Dinasti yang mengidap narsisme akut ini, telah menganggap negara adalah rumahnya, setiap daerah adalah kamar-kamar yang semuanya harus dikerjakan dan diisi oleh keluarganya, kerabatanya, dan seluruh innercircle-nya. Mari kita sebut satu persatu: Gibran Rakabumi Raka, anaknya jadi Wali Kota Surakarta, dan akan jadi Wakil Presiden Indonesia.[1] Bobby Nasution, mantunya jadi Wali Kota Medan.[2] Kaesang Pangarep, anaknya jadi ketua Partai Solidaritas Indonesia.[3] dan yang akan datang: Kahiyang Ayu, anaknya akan maju Pilkada[4] Erina Gudano, mantunya santer dikabarkan maju di Pilkada Wali Kota Sleman.[5]

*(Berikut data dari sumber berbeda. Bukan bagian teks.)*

section \<open>Standing assumptions on constants and operations\<close>

definition op_arg_ok :: "('b,'k,'o,'x) fh_sig_scheme \<Rightarrow> ('b,'k,'o) ty \<Rightarrow> 'k list \<Rightarrow> 'k \<Rightarrow> bool" where
  "op_arg_ok L Ti prev k \<longleftrightarrow>
     unref Ti = TBase (cbase L k) \<and>
     (\<forall>l. steps L (App (Cast (unref Ti) (substs_ty (map Const prev) Ti) l) (Const k)) (Const k))"

definition fh_sig_ok :: "('b,'k,'o,'x) fh_sig_scheme \<Rightarrow> bool" where
  "fh_sig_ok L \<longleftrightarrow>
     tt L \<noteq> ff L \<and> cbase L (tt L) = boolB L \<and> cbase L (ff L) = boolB L \<and>
     (\<forall>k. cbase L k = boolB L \<longrightarrow> k = tt L \<or> k = ff L) \<and>
     (\<forall>k. unref (cty L k) = TBase (cbase L k) \<and> wfty L [] (cty L k) \<and>
          (\<forall>l. steps L (App (Cast (TBase (cbase L k)) (cty L k) l) (Const k)) (Const k))) \<and>
     (\<forall>p Ts T0. oty L p = (Ts, T0) \<longrightarrow>
        (\<forall>T \<in> set (T0 # Ts). \<exists>B. unref T = TBase B) \<and>
        (\<forall>ks. length ks \<noteq> length Ts \<longrightarrow> oden L p ks = None) \<and>
        (\<forall>ks. length ks = length Ts \<longrightarrow>
           ((\<forall>i < length Ts. op_arg_ok L (Ts ! i) (take i ks) (ks ! i)) \<longrightarrow>
              (\<exists>k. oden L p ks = Some k \<and> op_arg_ok L T0 ks k)) \<and>
           (\<not> (\<forall>i < length Ts. op_arg_ok L (Ts ! i) (take i ks) (ks ! i)) \<longrightarrow>
              oden L p ks = None)))"
(* For a one-parameter family $\rho(\theta)=\sum_{k=1}^d p_k(\theta)|w_k(\theta)\rangle\langle w_k(\theta)|$ with a chosen smooth spectral decomposition as in the context, equality $H_{SLD}(\theta)=C_L(\theta)$ holds at $\theta$ if and only if $\langle w_j'(\theta)|w_k(\theta)\rangle=0$ for all $j\neq k$ with $p_j(\theta)>0$ and $p_k(\theta)>0$. In particular, if $\rho(\theta)$ is a pure state then $C_L(\theta)=H_{SLD}(\theta)$.
   Context: Let $I\subseteq\mathbb{R}$ be an open interval and $\rho(\theta)=\sum_{k=1}^d p_k(\theta)|w_k(\theta)\rangle\langle w_k(\theta)|$, $\theta\in I$, where $p_1,\dots,p_d:I\to[0,1]$ are smooth with $\sum_k p_k=1$, and $|w_1(\theta)\rangle,\dots,|w_d(\theta)\rangle$ is an orthonormal basis of $\mathbb{C}^d$ depending smoothly on $\theta$. Write $|w_k'\rangle=\frac{d}{d\theta}|w_k(\theta)\rangle$. Convention: in sums $\sum_i \frac{1}{p_i}(\cdot)^2$, indices with $p_i(\theta)=0$ are omitted. The $C_L$ quantum information is $$C_L(\theta)=\sum_i\frac{1}{p_i}\Big(\frac{dp_i}{d\theta}\Big)^2+4\sum_{j<k}(p_j+p_k)|\langle w_j'|w_k\rangle|^2 .$$ The SLD quantum information is $H_{SLD}(\theta)=\mathrm{tr}\{\rho(\theta)\lambda(\theta)^2\}$, where $\lambda(\theta)$ is any Hermitian solution of $\frac{d\rho}{d\theta}=\frac12(\rho\lambda+\lambda\rho)$. *)

theory Defs
  imports "HOL-Analysis.Analysis"
begin

fun iter_vderiv :: "nat \<Rightarrow> (real \<Rightarrow> 'a::real_normed_vector) \<Rightarrow> real \<Rightarrow> 'a" where
  "iter_vderiv 0 f = f"
| "iter_vderiv (Suc m) f = (\<lambda>t. vector_derivative (iter_vderiv m f) (at t))"

definition smooth_on :: "real set \<Rightarrow> (real \<Rightarrow> 'a::real_normed_vector) \<Rightarrow> bool" where
  "smooth_on I f \<longleftrightarrow> (\<forall>m. \<forall>t\<in>I. iter_vderiv m f differentiable (at t))"

definition braket :: "complex^'n \<Rightarrow> complex^'n \<Rightarrow> complex" where
  "braket a b = (\<Sum>i\<in>UNIV. cnj (a $ i) * b $ i)"

definition ketbra :: "complex^'n \<Rightarrow> complex^'n \<Rightarrow> complex^'n^'n" where
  "ketbra a b = (\<chi> i j. a $ i * cnj (b $ j))"

definition hermitian :: "complex^'n^'n \<Rightarrow> bool" where
  "hermitian A \<longleftrightarrow> (\<forall>i j. A $ j $ i = cnj (A $ i $ j))"

definition rho :: "(real \<Rightarrow> 'n::finite \<Rightarrow> real) \<Rightarrow> (real \<Rightarrow> 'n \<Rightarrow> complex^'n) \<Rightarrow> real \<Rightarrow> complex^'n^'n" where
  "rho p w t = (\<Sum>k\<in>UNIV. p t k *\<^sub>R ketbra (w t k) (w t k))"

definition wder :: "(real \<Rightarrow> 'n \<Rightarrow> complex^'n) \<Rightarrow> real \<Rightarrow> 'n \<Rightarrow> complex^'n" where
  "wder w t k = vector_derivative (\<lambda>s. w s k) (at t)"

definition C_L :: "(real \<Rightarrow> 'n::{finite,linorder} \<Rightarrow> real) \<Rightarrow> (real \<Rightarrow> 'n::{finite,linorder} \<Rightarrow> complex^'n::{finite,linorder}) \<Rightarrow> real \<Rightarrow> real" where
  "C_L p w t =
     (\<Sum>i\<in>{i. p t i \<noteq> 0}. (deriv (\<lambda>s. p s i) t)\<^sup>2 / p t i)
   + 4 * (\<Sum>(j,k)\<in>{(j,k). j < k}. (p t j + p t k) * (cmod (braket (wder w t j) (w t k)))\<^sup>2)"

definition is_SLD :: "(real \<Rightarrow> complex^'n::finite^'n) \<Rightarrow> real \<Rightarrow> complex^'n^'n \<Rightarrow> bool" where
  "is_SLD r t L \<longleftrightarrow> hermitian L \<and>
     vector_derivative r (at t) = (1/2) *\<^sub>R (r t ** L + L ** r t)"

end

theory Submission
  imports Defs
begin

text \<open>
  Put \<Lambda>_jk = <w_j|\<lambda>|w_k> and \<alpha>_jk = <w_j'|w_k>. Differentiating orthonormality gives
  <w_j|w_k'> = -\<alpha>_jk, so in the eigenbasis the SLD equation reads
  (p_j + p_k)/2 \<cdot> \<Lambda>_jk = \<delta>_jk p_j' + (p_j - p_k) \<alpha>_jk.
  In H_SLD = \<Sum>_jk p_j |\<Lambda>_jk|^2 the diagonal contributes \<Sum> p_j'^2 / p_j and each pair j < k
  contributes 4 (p_j - p_k)^2 |\<alpha>_jk|^2 / (p_j + p_k), hence
  C_L - H_SLD = \<Sum>_{j<k} 16 p_j p_k |\<alpha>_jk|^2 / (p_j + p_k) \<ge> 0,
  which vanishes exactly when \<alpha>_jk = 0 whenever j \<noteq> k and p_j, p_k > 0.
  A pure state has at most one positive eigenvalue, so for it the condition is vacuous.
\<close>

definition orthonormal :: "('i \<Rightarrow> complex^'n) \<Rightarrow> bool" where
  "orthonormal w \<longleftrightarrow> (\<forall>j k. braket (w j) (w k) = (if j = k then 1 else 0))"

lemma orthonormalD: "orthonormal w \<Longrightarrow> braket (w j) (w k) = (if j = k then 1 else 0)"
  by (simp add: orthonormal_def)

lemma sum_matrix_mult_vec: "(\<Sum>k\<in>A. M k) *v x = (\<Sum>k\<in>A. M k *v x)"
  by (induction A rule: infinite_finite_induct) (simp_all add: matrix_vector_mult_add_rdistrib)

lemma scaleR_matrix_mult_vec: "(r *\<^sub>R M) *v (x::complex^'n) = of_real r *s (M *v x)"
  by (simp add: vec_eq_iff matrix_vector_mult_def sum_distrib_left mult.assoc)
     (simp add: scaleR_conv_of_real)

lemma sum_matrix_mult: "(\<Sum>k\<in>A. X k) ** M = (\<Sum>k\<in>A. X k ** (M::'a::semiring_1^'n^'m))"
  by (simp add: vec_eq_iff matrix_matrix_mult_def sum_distrib_right) (auto intro: sum.swap)

lemma trace_sum: "trace (\<Sum>k\<in>A. X k) = (\<Sum>k\<in>A. trace (X k :: 'a::comm_semiring_1^'n^'n))"
  by (induction A rule: infinite_finite_induct) (simp_all add: trace_add trace_0[unfolded mat_0])

lemma trace_scaleR: "trace (r *\<^sub>R (X::complex^'n^'n)) = of_real r * trace X"
  by (simp add: trace_def sum_distrib_left) (simp add: scaleR_conv_of_real)

lemma braket_cnj: "cnj (braket a b) = braket b a"
  by (simp add: braket_def mult.commute)

lemma braket_add_right: "braket a (b + c) = braket a b + braket a c"
  by (simp add: braket_def distrib_left sum.distrib)

lemma braket_scalar_mult_right: "braket a (c *s b) = c * braket a b"
  by (simp add: braket_def sum_distrib_left mult_ac)

lemma braket_sum_right: "braket a (\<Sum>k\<in>A. b k) = (\<Sum>k\<in>A. braket a (b k))"
  by (simp add: braket_def sum_distrib_left) (rule sum.swap)

lemma ketbra_mult_vec: "ketbra a b *v c = braket b c *s a"
  by (simp add: vec_eq_iff ketbra_def braket_def matrix_vector_mult_def sum_distrib_left mult_ac)

lemma trace_ketbra_mult: "trace (ketbra a b ** M) = braket b (M *v a)"
  by (simp add: trace_def ketbra_def braket_def matrix_matrix_mult_def matrix_vector_mult_def
      sum_distrib_left mult_ac) (rule sum.swap)

lemma hermitian_braket:
  assumes "hermitian L"
  shows "braket a (L *v b) = cnj (braket b (L *v a))"
proof -
  have L: "cnj (L $ j $ i) = L $ i $ j" for i j
    using assms by (metis hermitian_def)
  have "cnj (braket b (L *v a)) = (\<Sum>j\<in>UNIV. \<Sum>i\<in>UNIV. cnj (a $ i) * L $ i $ j * b $ j)"
    by (simp add: braket_def matrix_vector_mult_def sum_distrib_left L mult_ac)
  also have "\<dots> = braket a (L *v b)"
    by (subst sum.swap) (simp add: braket_def matrix_vector_mult_def sum_distrib_left mult_ac)
  finally show ?thesis ..
qed

lemma bounded_bilinear_braket: "bounded_bilinear braket"
  unfolding bilinear_conv_bounded_bilinear[symmetric] bilinear_def
  by (intro conjI allI linearI)
     (simp_all add: braket_def sum.distrib distrib_left distrib_right scaleR_sum_right)

lemma bounded_bilinear_ketbra: "bounded_bilinear ketbra"
  unfolding bilinear_conv_bounded_bilinear[symmetric] bilinear_def
  by (intro conjI allI linearI) (simp_all add: ketbra_def vec_eq_iff distrib_left distrib_right)

lemma orthonormal_braket_sum:
  fixes w :: "'i::finite \<Rightarrow> complex^'n"
  assumes "orthonormal w"
  shows "braket (w j) (\<Sum>k\<in>UNIV. c k *s w k) = c j"
proof -
  have "braket (w j) (\<Sum>k\<in>UNIV. c k *s w k) = (\<Sum>k\<in>UNIV. if j = k then c k else 0)"
    using assms unfolding braket_sum_right
    by (intro sum.cong) (simp_all add: orthonormal_def braket_scalar_mult_right)
  then show ?thesis
    by simp
qed

lemma orthonormal_sum_scalar_mult:
  fixes w :: "'i::finite \<Rightarrow> complex^'n"
  assumes "orthonormal w"
  shows "(\<Sum>i\<in>UNIV. (c i * braket (w i) (w k)) *s v i) = c k *s v k"
proof -
  have "(\<Sum>i\<in>UNIV. (c i * braket (w i) (w k)) *s v i) = (\<Sum>i\<in>UNIV. if i = k then c k *s v k else 0)"
    using assms by (intro sum.cong) (simp_all add: orthonormal_def)
  then show ?thesis
    by simp
qed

Segala pemberhalaan itu terbangun hanya karena mereka punya alat negara. Punya legitimasi kekuasaan. Dengan demikian, mereka percaya bahwa semua langkah politiknya bisa dilaksanakan, semua yang diinginkan harus terealisasikan. Semua sanak-saudara, kerabat, tante-om dan ponakannya, semua harus kabagian. Dan dari semua keberhasilan—meski inkonsitusional dan melacurkan moral—yang telah mereka rengkuh, mereka menganggap kita sebagai rakyat hanyalah sekumpulan anak kecil yang hanya bisa merengek dan merengek.
Tambah brengsek karena dari semua gerbang kehancuran demokrasi, kebanyakan orang masih akan tetap menjawab dengan: Lho, kan rakyat yang memilih. Rakyat juga yang menilai. Hm, jawaban yang menggemaskan dan memang tidak sepenuhnya bisa disalahkan. Siapa saja memang boleh untuk menceburkan diri ke lumpur-lumpur kotor politik; dan pada akhirnya, memang rakyat yang menentukan.
Namun, barangkali, perlu diingat siapapun yang berkontestasi karena dibekingi dinasti, sebutlah keluarganya Jokowi dan keluarga Yasin, yang selalu terjerat korupsi, atau para politikus yang mengendorse anaknya masuk politik—-mereka-mereka ini memiliki privilese yang amat kuat dan menguntungkan. Para politkus yang maju karena nepotisme tentu tidak perlu repot-repot membangun kepercayaan publik dari bawah, ikut organisasi kepemudaan, bergaul dengan rakyat biasa, atau mengubah hal-hal kecil di sekitarnya. Apa lagi membaca dan menguasai teks-teks teoretis Marxis. Karena semuanya sudah diatur oleh keluarganya yang memegang kekuasaan.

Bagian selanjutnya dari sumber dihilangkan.